Please help me dot-map this island?

Eunomiac

Chieftain
Joined
Sep 27, 2007
Messages
87
Location
Toronto, Canada
I've just moved up to Prince, and found myself isolated on a large island playing Joao II of Portugal. Here's my tentative plan for the future (sorry for the large size):



The city crosses are labeled in the order I intend to settle them (with A being my capital, and B being my first expansion). YELLOW means wealth generating (my capital is the Jewish holy city), BLUE are research cities, RED are production cities, GREEN is my GP farm and PURPLE is a hybrid research/production city.

My strategy is to use the initial isolation of the island to expand rapidly and establish trade routes between multiple cities; with the exception of E, I took pains to put them all on the coast like a good little isolated-seafaring-civ-with-a-spiffy-unique-customs-house should.

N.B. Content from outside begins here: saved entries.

lemma ext_group_inj_on_snd_complement:
  assumes p: "Factorial_Ring.prime p" and E: "comm_group (ext_group G p f)" and normalized: "f \<one> \<one> = 0"
    and M: "subgroup M (ext_group G p f)" and aM: "(1, \<one>) \<notin> M"
  shows "inj_on snd M"
proof
  let ?E = "ext_group G p f" and ?a = "(1::int, \<one>)"
  interpret E: comm_group ?E by (rule E)
  interpret snd: group_hom ?E G snd
    by (simp add: group_hom_def group_hom_axioms_def E.is_group is_group snd_hom_ext_group)
  have a: "?a \<in> carrier ?E"
    using p prime_gt_1_nat by (simp add: ext_group_simps)
  have a_pow: "?a [^]\<^bsub>?E\<^esub> (n::nat) = (int n mod int p, \<one>)" for n
    using ext_group_central_pow[where f = f and w = 1 and n = n, OF normalized] by simp
  fix m1 m2
  assume m12: "m1 \<in> M" "m2 \<in> M" "snd m1 = snd m2"
  have m12E: "m1 \<in> carrier ?E" "m2 \<in> carrier ?E"
    using subgroup.mem_carrier[OF M] m12 by blast+
  define d where "d = m1 \<otimes>\<^bsub>?E\<^esub> inv\<^bsub>?E\<^esub> m2"
  have dM: "d \<in> M"
    unfolding d_def using M m12 by (simp add: subgroup.m_closed subgroup.m_inv_closed)
  have "snd d = \<one>"
    unfolding d_def using m12E m12(3) by (simp add: snd.hom_mult snd.hom_inv)
  moreover have "d \<in> carrier ?E"
    using subgroup.mem_carrier[OF M dM] .
  ultimately obtain w where d_w: "d = (w, \<one>)" and w: "0 \<le> w" "w < int p"
    by (cases d) (auto simp: ext_group_simps)
  have "w = 0"
  proof (rule ccontr)
    assume "w \<noteq> 0"
    then have "\<not> int p dvd w"
      using w zdvd_not_zless by fastforce
    then have "coprime w (int p)"
      using p prime_imp_coprime[of "int p" w] by (simp add: coprime_commute)
    moreover have "?a [^]\<^bsub>?E\<^esub> w \<in> M"
      using dM d_w w a_pow[of "nat w"] int_pow_int[of ?E ?a "nat w"] by simp
    moreover have "?a [^]\<^bsub>?E\<^esub> int p \<in> M"
      using subgroup.one_closed[OF M] by (simp add: a_pow int_pow_int ext_group_simps)
    ultimately have "?a \<in> M"
      using E.mem_subgroup_if_coprime_pows[OF M a] by blast
    then show False
      using aM by simp
  qed
  then have "d = \<one>\<^bsub>?E\<^esub>"
    using d_w by (simp add: ext_group_simps)
  then have "inv\<^bsub>?E\<^esub> (inv\<^bsub>?E\<^esub> m2) = m1"
    using m12E unfolding d_def by (intro E.inv_equality) auto
  then show "m1 = m2"
    using m12E by simp
qed

lemma ext_group_snd_image_complement:
  assumes p: "Factorial_Ring.prime p" and E: "comm_group (ext_group G p f)" and M: "subgroup M (ext_group G p f)"
    and split: "M <#>\<^bsub>ext_group G p f\<^esub> generate (ext_group G p f) {(1, \<one>)}
      = carrier (ext_group G p f)"
  shows "snd ` M = carrier G"
proof
  let ?E = "ext_group G p f" and ?a = "(1::int, \<one>)"
  interpret E: comm_group ?E by (rule E)
  interpret snd: group_hom ?E G snd
    by (simp add: group_hom_def group_hom_axioms_def E.is_group is_group snd_hom_ext_group)
  show "snd ` M \<subseteq> carrier G"
    using subgroup.subset[OF M] by (auto simp: ext_group_simps)
  have "?a \<in> carrier ?E"
    using p prime_gt_1_nat by (simp add: ext_group_simps)
  then have "generate ?E {?a} \<subseteq> kernel ?E G snd"
    by (intro E.generate_subgroup_incl snd.subgroup_kernel) (simp add: kernel_def)
  then have snd_gen: "snd k = \<one>" if "k \<in> generate ?E {?a}" for k
    using that by (auto simp: kernel_def)
  show "carrier G \<subseteq> snd ` M"
  proof
    fix h
    assume h: "h \<in> carrier G"
    then have "(0, h) \<in> M <#>\<^bsub>?E\<^esub> generate ?E {?a}"
      using split E.one_closed by (simp add: ext_group_simps)
    then obtain m k where m: "m \<in> M" and k: "k \<in> generate ?E {?a}" and "(0, h) = m \<otimes>\<^bsub>?E\<^esub> k"
      unfolding set_mult_def by blast
    then have "snd m = h"
      using snd_gen[OF k] subgroup.mem_carrier[OF M m] by (auto simp: ext_group_simps)
    then show "h \<in> snd ` M"
      using m by blast
  qed
qed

I'm very scared starting out isolated like this, because I have no idea how well the other civs are doing. I don't want to make late contact only to discover they're all 200 points ahead of me.

So here are my questions:

  • How bad is it to start isolated like this? What are the changes I should be making to my strategy to account for this unconventional start?
  • I was hoping to take advantage of Joao's Carracks to settle islands early, but it looks like I could happily develop my starting island into a fairly large empire without having to rush-expand elsewhere. Should I finish with this island, ensuring that no one else gets a foothold, or immediately settle on other landmasses?
  • I'm confused about D. On one hand, it has three gold mines and tons of coastal squares. It will make lots of fast money. On the other hand, I kinda want to build Moai Statues here with all the water spaces and make it a production city. Should it be another hybrid city?
  • I'm also interested in your thoughts on F. It's a GOLDEN location, with rivers and resources and grasslands. I want to place it to take perfect advantage of everything, and am considering moving it one space upwards for the extra sugars, but then I either trade a river tile for a peak (bad) or lose access to the coast (worse).
I realize I'm probably overthinking all of this for Prince difficulty, but I'm trying to perfect my playing technique for higher levels and this is my first time graduating from Noble ;-)

Thanks in advance for your help!
 
I don't know why you like F so much. It doesn't have much food. It should be moved 2 North and it will be a super city. 3 sugars is nice food output. This is a good candidate for lots of cottages and to be your capital.

As for a GP farm, the best site would be A, but moved 1 NE to also use the wheat. This is a better placement in my opinion. If you want to work the gold fast, settle your first city 1 south of it and use the corn to grow. The gold city can use the corn to grow when needed and also has sugar for more food. Fitting in as many useful cities as possible is good for an isolated start. A should have been 1 NE.

Also, E is a horrible Great Person Farm. A great person farm has a lot of food, and E ony has one food resource. Farmed grasslands are pretty poor for supporting a GPF.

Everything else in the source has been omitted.